My wife has been trying to get a collection agency to explain to her exactly why Ameritech (which SBC bought out several years ago, giving you an idea how long this has been going on) had sent to collections a billing for her old number at her former apartment for something like $400, as she had disconnected that number at the end of May, 2000 when she vacated the apartment. The final bill was paid in full.
The collection agency, after two years of diddling around with SBC, has finally come up with a copy of the bill. But they told her that if they sent her the bill for her to look at, she would be expected to pay the full amount within 72 hours.
Sally called bullshit. “If you send me that bill, what makes you think I’m going to meekly roll over and pay it? I may decide not to pay it, since I don’t think I owe the money to begin with.”
The response was, “Well, we had to pay Ameritech to get a copy of this bill.”

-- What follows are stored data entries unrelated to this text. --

(* Let $G$ be a Hausdorff topological group. (a) If $G$ is STAP then $G$ is HTAP, and if $G$ is HTAP then $G$ is TAP. (a-bis) If $G$ is abelian, then $G$ is HTAP if and only if $G$ is TAP. (b) Let $(D_i)_{i\in\mathbb N}$ be nontrivial discrete groups and $H=\{g\in\prod_i D_i:\{i:g(i)\ne e_{D_i}\}\text{ finite}\}$ with the topology induced from the product topology. Then $H$ is HTAP but not STAP. In particular, taking the $D_i$ finite abelian, there is a countable metrizable precompact abelian group which is TAP but not STAP.
   Context: $\prod_{k=1}^n a_k=a_1\cdots a_n$; $e$ is the neutral element. A sequence $(g_n)$ in $G$ is hyper-multipliable if for every integer sequence $(m_n)$ the sequence $\left(\prod_{k=1}^n g_k^{m_k}\right)_n$ converges in $G$; hyper-converging if $g_n^{m_n}\to e$ for every integer sequence $(m_n)$. A subset $A\subset G$ is absolutely productive if every sequence of pairwise distinct elements of $A$ is hyper-multipliable. $G$ is TAP if every absolutely productive subset of $G$ is finite; HTAP if no sequence of pairwise distinct elements of $G$ is hyper-multipliable; STAP if no sequence of pairwise distinct elements of $G$ is hyper-converging. *)

theory Defs
  imports "HOL-Analysis.Analysis" "HOL-Algebra.Product_Groups"
begin

definition Hausdorff_topological_group :: "('a, 'b) monoid_scheme \<Rightarrow> 'a topology \<Rightarrow> bool" where
  "Hausdorff_topological_group G T \<longleftrightarrow>
     group G \<and> topspace T = carrier G \<and> Hausdorff_space T \<and>
     continuous_map (prod_topology T T) T (\<lambda>(x, y). x \<otimes>\<^bsub>G\<^esub> y) \<and>
     continuous_map T T (\<lambda>x. inv\<^bsub>G\<^esub> x)"

fun ordprod :: "('a, 'b) monoid_scheme \<Rightarrow> (nat \<Rightarrow> 'a) \<Rightarrow> nat \<Rightarrow> 'a" where
  "ordprod G a 0 = \<one>\<^bsub>G\<^esub>"
| "ordprod G a (Suc n) = ordprod G a n \<otimes>\<^bsub>G\<^esub> a n"

definition hyper_multipliable :: "('a, 'b) monoid_scheme \<Rightarrow> 'a topology \<Rightarrow> (nat \<Rightarrow> 'a) \<Rightarrow> bool" where
  "hyper_multipliable G T g \<longleftrightarrow>
     (\<forall>m :: nat \<Rightarrow> int. \<exists>l. limitin T (\<lambda>n. ordprod G (\<lambda>k. g k [^]\<^bsub>G\<^esub> m k) n) l sequentially)"

definition hyper_converging :: "('a, 'b) monoid_scheme \<Rightarrow> 'a topology \<Rightarrow> (nat \<Rightarrow> 'a) \<Rightarrow> bool" where
  "hyper_converging G T g \<longleftrightarrow>
     (\<forall>m :: nat \<Rightarrow> int. limitin T (\<lambda>n. g n [^]\<^bsub>G\<^esub> m n) \<one>\<^bsub>G\<^esub> sequentially)"

definition absolutely_productive :: "('a, 'b) monoid_scheme \<Rightarrow> 'a topology \<Rightarrow> 'a set \<Rightarrow> bool" where
  "absolutely_productive G T A \<longleftrightarrow>
     (\<forall>g. inj g \<and> range g \<subseteq> A \<longrightarrow> hyper_multipliable G T g)"

definition TAP :: "('a, 'b) monoid_scheme \<Rightarrow> 'a topology \<Rightarrow> bool" where
  "TAP G T \<longleftrightarrow> (\<forall>A. A \<subseteq> carrier G \<and> absolutely_productive G T A \<longrightarrow> finite A)"

definition HTAP :: "('a, 'b) monoid_scheme \<Rightarrow> 'a topology \<Rightarrow> bool" where
  "HTAP G T \<longleftrightarrow> \<not> (\<exists>g. inj g \<and> range g \<subseteq> carrier G \<and> hyper_multipliable G T g)"

definition STAP :: "('a, 'b) monoid_scheme \<Rightarrow> 'a topology \<Rightarrow> bool" where
  "STAP G T \<longleftrightarrow> \<not> (\<exists>g. inj g \<and> range g \<subseteq> carrier G \<and> hyper_converging G T g)"

definition precompact_group :: "('a, 'b) monoid_scheme \<Rightarrow> 'a topology \<Rightarrow> bool" where
  "precompact_group G T \<longleftrightarrow>
     (\<forall>U. openin T U \<and> \<one>\<^bsub>G\<^esub> \<in> U \<longrightarrow>
        (\<exists>F. finite F \<and> F \<subseteq> carrier G \<and> carrier G \<subseteq> (\<Union>x\<in>F. x <#\<^bsub>G\<^esub> U)))"

definition fin_supp_topology :: "(nat \<Rightarrow> ('a, 'b) monoid_scheme) \<Rightarrow> (nat \<Rightarrow> 'a) topology" where
  "fin_supp_topology D =
     subtopology (product_topology (\<lambda>i. discrete_topology (carrier (D i))) UNIV)
                 (carrier (sum_group UNIV D))"

end

theory Submission
  imports Defs "HOL-Algebra.FiniteProduct"
begin

(* Part (a) is soft: a hyper-multipliable sequence is hyper-converging, because
   each term g_n^{m_n} is the quotient of two consecutive partial products, which
   have the same limit; and an infinite absolutely productive set contains an
   injective sequence, which is then hyper-multipliable.

   Part (a-bis) needs the converse of the second implication for abelian groups:
   the range of an injective hyper-multipliable sequence is absolutely productive.
   Choosing exponents 0 shows that every subseries of (g_k^{m_k}) converges; by a
   block argument this forces the finite products over sets of large indices to be
   uniformly small ("small tails"); and small tails make convergence invariant
   under reindexing, which covers every injective sequence inside the range.

   Part (b) concerns the restricted product H of the D_i with the topology of
   pointwise eventual equality.  Sequences converge coordinatewise by becoming
   eventually constant, which gives the group topology and, for the sequence of
   "unit vectors" a_n e_n, hyper-convergence (so H is not STAP).  For HTAP, an
   injective hyper-multipliable sequence has finitely many nontrivial entries in
   every row and every column, so a diagonal subsequence exists; multiplying along
   it yields a limit with infinite support, which is impossible. *)

lemma Hausdorff_topological_groupD:
  assumes "Hausdorff_topological_group G T"
  shows "group G" "topspace T = carrier G" "Hausdorff_space T"
    "continuous_map (prod_topology T T) T (\<lambda>(x, y). x \<otimes>\<^bsub>G\<^esub> y)"
    "continuous_map T T (\<lambda>x. inv\<^bsub>G\<^esub> x)"
  using assms by (simp_all add: Hausdorff_topological_group_def)

lemma limitin_group_mult:
  fixes G (structure)
  assumes H: "Hausdorff_topological_group G T"
    and P: "limitin T P p F" and Q: "limitin T Q q F"
  shows "limitin T (\<lambda>n. P n \<otimes> Q n) (p \<otimes> q) F"
proof -
  have "limitin (prod_topology T T) (\<lambda>n. (P n, Q n)) (p, q) F"
    using P Q by (simp add: limitin_pairwise o_def)
  from continuous_map_limit[OF Hausdorff_topological_groupD(4)[OF H] this]
  show ?thesis by (simp add: o_def)
qed

lemma limitin_group_inv:
  fixes G (structure)
  assumes H: "Hausdorff_topological_group G T" and P: "limitin T P p F"
  shows "limitin T (\<lambda>n. inv (P n)) (inv p) F"
  using continuous_map_limit[OF Hausdorff_topological_groupD(5)[OF H] P] by (simp add: o_def)

lemma limitin_group_quotient:
  fixes G (structure)
  assumes H: "Hausdorff_topological_group G T"
    and P: "limitin T P l F" and Q: "limitin T Q l F"
  shows "limitin T (\<lambda>n. inv (P n) \<otimes> Q n) \<one> F"
proof -
  interpret group G using Hausdorff_topological_groupD(1)[OF H] .
  have "l \<in> carrier G"
    using P Hausdorff_topological_groupD(2)[OF H] by (simp add: limitin_def)
  with limitin_group_mult[OF H limitin_group_inv[OF H P] Q] show ?thesis by simp
qed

So Sally called her lawyer this morning and he said, you call them back and tell them that they must provide you with proof of documentation, and they had to suspend collections when you contested it in the first place. The fact that it took them nearly two years to get a copy of the bill out of Ameritech’s ridiculous billing system isn’t your problem. So it is illegal to tell you that you have to pay within 72 hours — and besides, 72 hours from what? From them sending it, or from you receiving it? — since at this point they are not in a position to demand such.

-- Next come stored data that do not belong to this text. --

lemma quadratic_pair_not_irreducible:
  fixes x y :: "'a::alg_closed_field mat"
  assumes "n \<ge> 3" and x: "x \<in> carrier_mat n n" and y: "y \<in> carrier_mat n n"
    and rel_x: "x * x = \<alpha> \<cdot>\<^sub>m x + \<beta> \<cdot>\<^sub>m 1\<^sub>m n" "\<beta> \<noteq> 0"
    and rel_y: "y * y = \<gamma> \<cdot>\<^sub>m y + \<delta> \<cdot>\<^sub>m 1\<^sub>m n" "\<delta> \<noteq> 0"
  shows "\<not> acts_irreducibly n (gen_group n {x, y})"
proof
  assume irreducible: "acts_irreducibly n (gen_group n {x, y})"
  have "n > 0" using \<open>n \<ge> 3\<close> by simp
  obtain v where v: "v \<in> carrier_vec n" "v \<noteq> 0\<^sub>v n"
    and x_W: "\<And>w. w \<in> span2 v (y *\<^sub>v v) \<Longrightarrow> x *\<^sub>v w \<in> span2 v (y *\<^sub>v v)"
    and y_W: "\<And>w. w \<in> span2 v (y *\<^sub>v v) \<Longrightarrow> y *\<^sub>v w \<in> span2 v (y *\<^sub>v v)"
    using quadratic_pair_invariant_plane[OF x y \<open>n > 0\<close> rel_x(1) rel_y(1)] by blast
  define W where "W = span2 v (y *\<^sub>v v)"
  have yv: "y *\<^sub>v v \<in> carrier_vec n" using y v by simp
  have W: "is_subspace n W" unfolding W_def using span2_subspace[OF v(1) yv] .
  have x_W': "\<forall>w\<in>W. x *\<^sub>v w \<in> W" and y_W': "\<forall>w\<in>W. y *\<^sub>v w \<in> W"
    using x_W y_W unfolding W_def by blast+
  have "g \<in> carrier_mat n n \<and> (\<forall>w\<in>W. g *\<^sub>v w \<in> W) \<and>
      (\<exists>h \<in> carrier_mat n n. g * h = 1\<^sub>m n \<and> h * g = 1\<^sub>m n \<and> (\<forall>w\<in>W. h *\<^sub>v w \<in> W))"
    if "g \<in> {x, y}" for g
  proof -
    have "g = x \<or> g = y" using that by simp
    then show ?thesis
      using x y x_W' y_W' quadratic_mat_inverse_preserves[OF x rel_x W x_W[folded W_def]]
        quadratic_mat_inverse_preserves[OF y rel_y W y_W[folded W_def]] by blast
  qed
  then have "\<forall>A\<in>gen_group n {x, y}. \<forall>w\<in>W. A *\<^sub>v w \<in> W"
    using gen_group_preserves_subspace[OF W] by blast
  then have "W = {0\<^sub>v n} \<or> W = carrier_vec n"
    using irreducible W unfolding acts_irreducibly_def by blast
  moreover have "v \<in> W" unfolding W_def by (rule left_mem_span2[OF v(1) yv])
  ultimately show False
    using v(2) span2_neq_carrier_vec[OF \<open>n \<ge> 3\<close> v(1) yv] unfolding W_def by blast
qed

theorem mainTheorem11:
  fixes g1 g2 :: "'a::field mat" and n :: nat
  assumes "n \<ge> 4"
    and "g1 \<in> carrier_mat n n" and "invertible_mat g1"
    and "g2 \<in> carrier_mat n n" and "invertible_mat g2"
    and "degree (minimal_poly n g1) = 2"
    and "degree (minimal_poly n g2) = 2"
  shows "\<not> acts_absolutely_irreducibly n (gen_group n {g1, g2})"
proof
  assume "acts_absolutely_irreducibly n (gen_group n {g1, g2})"
  then have irreducible: "acts_irreducibly n (map_mat to_ac ` gen_group n {g1, g2})"
    unfolding acts_absolutely_irreducibly_def .
  obtain \<alpha>1 \<beta>1 where rel1: "\<beta>1 \<noteq> 0" "g1 * g1 = \<alpha>1 \<cdot>\<^sub>m g1 + \<beta>1 \<cdot>\<^sub>m 1\<^sub>m n"
    using quadratic_relation_of_minimal_poly[OF assms(2,3,6)] by blast
  obtain \<alpha>2 \<beta>2 where rel2: "\<beta>2 \<noteq> 0" "g2 * g2 = \<alpha>2 \<cdot>\<^sub>m g2 + \<beta>2 \<cdot>\<^sub>m 1\<^sub>m n"
    using quadratic_relation_of_minimal_poly[OF assms(4,5,7)] by blast
  have hom: "semiring_hom (to_ac :: 'a \<Rightarrow> 'a alg_closure)" by unfold_locales simp_all
  have "map_mat to_ac ` gen_group n {g1, g2} \<subseteq> gen_group n {map_mat to_ac g1, map_mat to_ac g2}"
    using map_mat_gen_group[OF hom, of "{g1, g2}" n] assms(2,4) by simp
  with irreducible have "acts_irreducibly n (gen_group n {map_mat to_ac g1, map_mat to_ac g2})"
    by (rule acts_irreducibly_mono)
  moreover have "\<not> acts_irreducibly n (gen_group n {map_mat to_ac g1, map_mat to_ac g2})"
    by (rule quadratic_pair_not_irreducible[OF _ _ _
          map_mat_quadratic_relation[OF hom assms(2) rel1(2)] _
          map_mat_quadratic_relation[OF hom assms(4) rel2(2)]])
      (use assms rel1 rel2 in simp_all)
  ultimately show False by contradiction
qed

end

So she’s going to call the collection agency back and pretty much tell them either send the bill and wait for me to decide if I’m going to pay it, or you can talk to my lawyer (who is an old family friend and will do this work pro bono, I’m sure).
This should be interesting. And if this is a bullshit billing, you can bet that we’re going to complain to the IURC (for the phone bill) and to the Secretary of State (for the assholishness of the collection agency). In point of fact we will probably complain anyway, at the very least because of the way the collection agency has jerked us around for two years.
The other question that remains is, if she owed that much money to Ameritech, why in hell didn’t they disconnect her for non-payment? I know far too many people who got on the wrong end of that argument. If they paid their bill a day late, they got dropped. So the whole thing is just very, very strange. (It did occur to me that she might have downloaded some dialbot that was calling 900 numbers all day while she was at work, say, the last month she was in the place. But if that’s the case, I can’t understand why the dialbot didn’t continue to work here after she moved in and hooked her computer up to my phone line…)
As they say, “Developing…”
[Later: Jeebus, it’s worse than I thought. It’s Asset Acceptance Corp. who’s calling her. Do a google on them and see what a scummy operation they run. I told Sally to have her lawyer handle this and not to talk to them at all unless he tells her to.]